Association rules (AR) are an alternative, well-established method for effectively identifying revisits that regularly occur together (Agrawal et al. 1993; Agrawal and Srikant 1995). AR do not take the order in which they occur into account, but may involve rules that use several pages as their conditional element. Numerous variants of AR have been investigated, among others in Adomavicius and Tuzhilin (2001), Mobasher et al. (2000), Yang and Parthasarathy (2003), Fu et al. (2000) and Sandvig et al. (2007). Most of them coped with efficiency issues related to learning and updating the rules for larger navigation histories (Agrawal and Srikant 1994). An alternative for AR, frequent sequences (Géry and Haddad 2003), exploits the set of transitions between Web pages that occurred within a session with a minimum amount of support. A more flexible form of the previous technique are frequent generalized sequences (Gaul et al. 2001), which make use of wildcards; experimental results suggest that plain Frequent Sequences perform better in revisitation prediction.

Of the propagation methods discussed earlier, the functionality of the association matrix comes closest to association rules. AM overcomes the disadvantage of AR that they require expensive updates of the rules after each page visit.
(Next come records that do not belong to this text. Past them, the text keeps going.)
lemma tower_ratio_tendsto_0_power:
  assumes "a 2 = b 2" "a 1 = b 1" "a 0 < b 0"
  shows "((\<lambda>t. tower_monomial a t / tower_monomial b t) \<longlongrightarrow> 0) at_top"
proof (rule Lim_null_comparison)
  show "((\<lambda>t. inverse t) \<longlongrightarrow> (0::real)) at_top"
    by (rule tendsto_inverse_0_at_top[OF filterlim_ident])
  show "\<forall>\<^sub>F t in at_top. norm (tower_monomial a t / tower_monomial b t) \<le> inverse t"
    using eventually_ge_at_top[of "1::real"]
  proof eventually_elim
    case (elim t)
    have "t ^ a 0 * t = t ^ Suc (a 0)" by simp
    also have "\<dots> \<le> t ^ b 0" using assms elim by (intro power_increasing) auto
    finally have "t ^ a 0 * t * exp t ^ a 1 * exp (exp t) ^ a 2 \<le> tower_monomial b t"
      using elim assms(1,2) unfolding tower_monomial_def by (simp add: mult_right_mono)
    then have "norm (tower_monomial a t / tower_monomial b t)
        \<le> tower_monomial a t / (t ^ a 0 * t * exp t ^ a 1 * exp (exp t) ^ a 2)"
      using elim tower_monomial_pos[of t] by (simp add: divide_left_mono less_imp_le)
    also have "\<dots> = inverse t" using elim by (simp add: tower_monomial_def field_simps)
    finally show ?case .
  qed
qed

lemma tower_ratio_tendsto_0:
  assumes "a 2 < b 2 \<or> a 2 = b 2 \<and> a 1 < b 1 \<or> a 2 = b 2 \<and> a 1 = b 1 \<and> a 0 < b 0"
  shows "((\<lambda>t. tower_monomial a t / tower_monomial b t) \<longlongrightarrow> 0) at_top"
  using assms tower_ratio_tendsto_0_exp_exp tower_ratio_tendsto_0_exp tower_ratio_tendsto_0_power
  by blast

definition exp_tower :: "nat \<Rightarrow> complex \<Rightarrow> complex" where
  "exp_tower = (\<lambda>i. [\<lambda>z. z, exp, \<lambda>z. exp (exp z)] ! i)"

lemma mpoly_eval_exp_tower_of_real:
  "mpoly_eval 3 P (\<lambda>i. exp_tower i (of_real t)) = (\<Sum>a\<in>{a. P a \<noteq> 0}. P a * of_real (tower_monomial a t))"
  unfolding mpoly_eval_def
  by (intro sum.cong refl) (simp add: tower_monomial_def exp_tower_def eval_nat_numeral lessThan_Suc exp_of_real)

lemma exp_tower_mpoly_eventually_nonzero:
  assumes "is_mpoly 3 P" "\<exists>a. P a \<noteq> 0"
  shows "eventually (\<lambda>t. mpoly_eval 3 P (\<lambda>i. exp_tower i (of_real t)) \<noteq> 0) at_top"
proof -
  define S where "S = {a. P a \<noteq> 0}"
  have S: "finite S" "S \<noteq> {}" "\<forall>a\<in>S. \<forall>i\<ge>3. a i = 0"
    using assms by (auto simp: S_def is_mpoly_def)
  then obtain b where "b \<in> S" and lex:
    "\<forall>a\<in>S - {b}. a 2 < b 2 \<or> a 2 = b 2 \<and> a 1 < b 1 \<or> a 2 = b 2 \<and> a 1 = b 1 \<and> a 0 < b 0"
    using exists_lex_max_exponent by blast
  have "eventually (\<lambda>t. tower_monomial b t \<noteq> 0) at_top"
    using eventually_gt_at_top[of 0] by eventually_elim (simp add: tower_monomial_pos less_imp_neq[symmetric])
  with S(1) \<open>b \<in> S\<close> lex show ?thesis
    unfolding mpoly_eval_exp_tower_of_real S_def[symmetric]
    by (intro dominant_sum_eventually_nonzero tower_ratio_tendsto_0) (auto simp: S_def)
qed

lemma alg_indep_exp_tower: "alg_indep 3 exp_tower"
  unfolding alg_indep_def
proof (intro allI impI, elim conjE)
  fix P assume "is_mpoly 3 P" "\<exists>a. P a \<noteq> 0"
  from exp_tower_mpoly_eventually_nonzero[OF this] obtain T
    where T: "\<And>t. t \<ge> T \<Longrightarrow> mpoly_eval 3 P (\<lambda>i. exp_tower i (of_real t)) \<noteq> 0"
    unfolding eventually_at_top_linorder by blast
  have "complex_of_real ` {T<..<T + 1} \<subseteq> {z. mpoly_eval 3 P (\<lambda>i. exp_tower i z) \<noteq> 0}"
    using T by auto
  moreover have "uncountable (complex_of_real ` {T<..<T + 1})"
    using countable_image_inj_on[of complex_of_real "{T<..<T + 1}"] uncountable_open_interval[of T "T + 1"]
    by (auto simp: inj_on_def)
  ultimately show "uncountable {z. mpoly_eval 3 P (\<lambda>i. exp_tower i z) \<noteq> 0}"
    using countable_subset by blast
qed

section \<open>The field generated by \<open>e\<^sup>z + z\<close>, \<open>e\<^sup>z + 1\<close> and their exponentials\<close>

definition exp_generators :: "nat \<Rightarrow> complex \<Rightarrow> complex" where
  "exp_generators = (\<lambda>i. [\<lambda>z. exp z + z, \<lambda>z. exp z + 1, exp \<circ> (\<lambda>z. exp z + z), exp \<circ> (\<lambda>z. exp z + 1)] ! i)"

lemma exp_generators_entire_poly:
  assumes "i < 4"
  shows "exp_generators i holomorphic_on UNIV \<and> exp_generators i \<in> poly_funs 3 exp_tower"
proof
  have i: "i = 0 \<or> i = 1 \<or> i = 2 \<or> i = 3" using assms by auto
  then show "exp_generators i holomorphic_on UNIV"
    by (auto simp: exp_generators_def o_def intro!: holomorphic_intros)
  have var: "exp_tower j \<in> poly_span 3 exp_tower 1" if "j < 3" for j
    using that by (rule poly_span_var)
  then have var2: "exp_tower j \<in> poly_span 3 exp_tower 2" if "j < 3" for j
    using that poly_span_mono[of 1 2 3 exp_tower] by fastforce
  have prod12: "(\<lambda>z. exp_tower 1 z * exp_tower 2 z) \<in> poly_span 3 exp_tower 2"
    using poly_span_mult[OF var[of 1] var[of 2]] by (simp add: numeral_2_eq_2)
  have "exp_generators 0 = (\<lambda>z. exp_tower 1 z + exp_tower 0 z)"
    "exp_generators 1 = (\<lambda>z. exp_tower 1 z + 1)"
    "exp_generators 2 = (\<lambda>z. exp_tower 1 z * exp_tower 2 z)"
    "exp_generators 3 = (\<lambda>z. exp 1 * exp_tower 2 z)"
    by (simp_all add: exp_generators_def exp_tower_def eval_nat_numeral exp_add fun_eq_iff algebra_simps)
  then have "exp_generators i \<in> poly_span 3 exp_tower 2"
    using i var2[of 0] var2[of 1] var2[of 2] prod12
    by (auto intro!: poly_span_add poly_span_const poly_span_scale)
  then show "exp_generators i \<in> poly_funs 3 exp_tower" by (auto simp: poly_funs_def)
qed

lemma exp_tower_in_gen_field:
  assumes "i < 3"
  shows "exp_tower i \<in> gen_field 4 exp_generators"
proof -
  have sum4: "(\<Sum>j<4. c j * exp_generators j z) =
      c 0 * (exp z + z) + c 1 * (exp z + 1) + c 2 * exp (exp z + z) + c 3 * exp (exp z + 1)" for c z
    by (simp add: exp_generators_def eval_nat_numeral lessThan_Suc)
  have "exp_tower 0 = (\<lambda>z. 1 + (\<Sum>j<4. [1, -1, 0, 0] ! j * exp_generators j z))"
    "exp_tower 1 = (\<lambda>z. -1 + (\<Sum>j<4. [0, 1, 0, 0] ! j * exp_generators j z))"
    "exp_tower 2 = (\<lambda>z. 0 + (\<Sum>j<4. [0, 0, 0, exp (-1)] ! j * exp_generators j z))"
    unfolding sum4 by (simp_all add: exp_tower_def fun_eq_iff exp_add exp_minus field_simps)
  moreover have "i = 0 \<or> i = 1 \<or> i = 2" using assms by auto
  ultimately show ?thesis by (metis gen_field_affine)
qed

theorem mainTheorem12:
  fixes f1 f2 F :: "complex \<Rightarrow> complex"
  assumes "f1 = (\<lambda>z. exp z + z)" and "f2 = (\<lambda>z. exp z + 1)" and "F = exp"
  shows "trdeg 4 (\<lambda>i. [f1, f2, F \<circ> f1, F \<circ> f2] ! i) = 3"
proof -
  have "(\<lambda>i. [f1, f2, F \<circ> f1, F \<circ> f2] ! i) = exp_generators"
    using assms by (simp add: exp_generators_def)
  moreover have "trdeg 4 exp_generators = 3"
    using exp_generators_entire_poly exp_tower_in_gen_field alg_indep_exp_tower
    by (intro trdeg_eq_if_poly_in_alg_indep) auto
  ultimately show ?thesis by simp
qed

end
Further, AM allows for recommending rare, non-obvious and serendipitous page trails that would never reach the minimum support level in AR—then again, AR can capture more complex and elaborate sequences than AM.

Drift methods are typically used in the context of recommender systems: in Mitchell et al. (1994), the authors present a software assistant for scheduling meetings, which employs a time frame in order to adapt quickly to the changing preferences of the user. Another system for learning drifting user profiles through Web and e-mail activity is presented in Crabtree and Soltysiak (1998); NewsDude (Billsus and Pazzani 1999) incorporates concept drift in its news recommendation service. A personalized Web search engine that supports evolving user profiles was introduced in Sugiyama et al. (2004). Of particular interest is also the integration of concept drift in recommender systems that are based on collaborative filtering (Ding and Li 2005; Koren 2010).

4.3 Creating revisitation workflows

In the preceding sections, we discussed three kinds of revisitation prediction techniques. Ranking methods estimate whether a page will be revisited based on the frequency and/or recency of previous visits. Propagation methods aim to identify pages that are typically revisited together—not necessarily in the same order. Propagation drift methods specifically address changes in habits and interests of users over time.

As these groups of methods capture complementary patterns in the user’s navigation history, the predictive accuracy of their methods can be enhanced by combining them into revisitation workflows. For convenience of presentation, we separate the workflows into three steps, which correspond to the three kinds of revisitation prediction techniques.

A revisitation workflow can be created by selecting one or more methods from each category. Not all combinations are useful, though: drift methods, for example, cannot be used in isolation, as they are only useful when combined with a propagation method (as explained in Sect. 4.2.3). In the remainder of this paper, we will evaluate variations of the following three types of workflows:

  • One-step workflows comprise single revisitation prediction techniques. These can be either ranking or propagation methods. We will refer to workflows of the former type as R and of the latter type as P.

  • Two-step workflows involve methods from two different categories. They either combine ranking methods with propagation methods (R+P) or propagation methods with drift methods (P+D).

  • Three-step workflows combine methods from each category and are represented by R+P+D.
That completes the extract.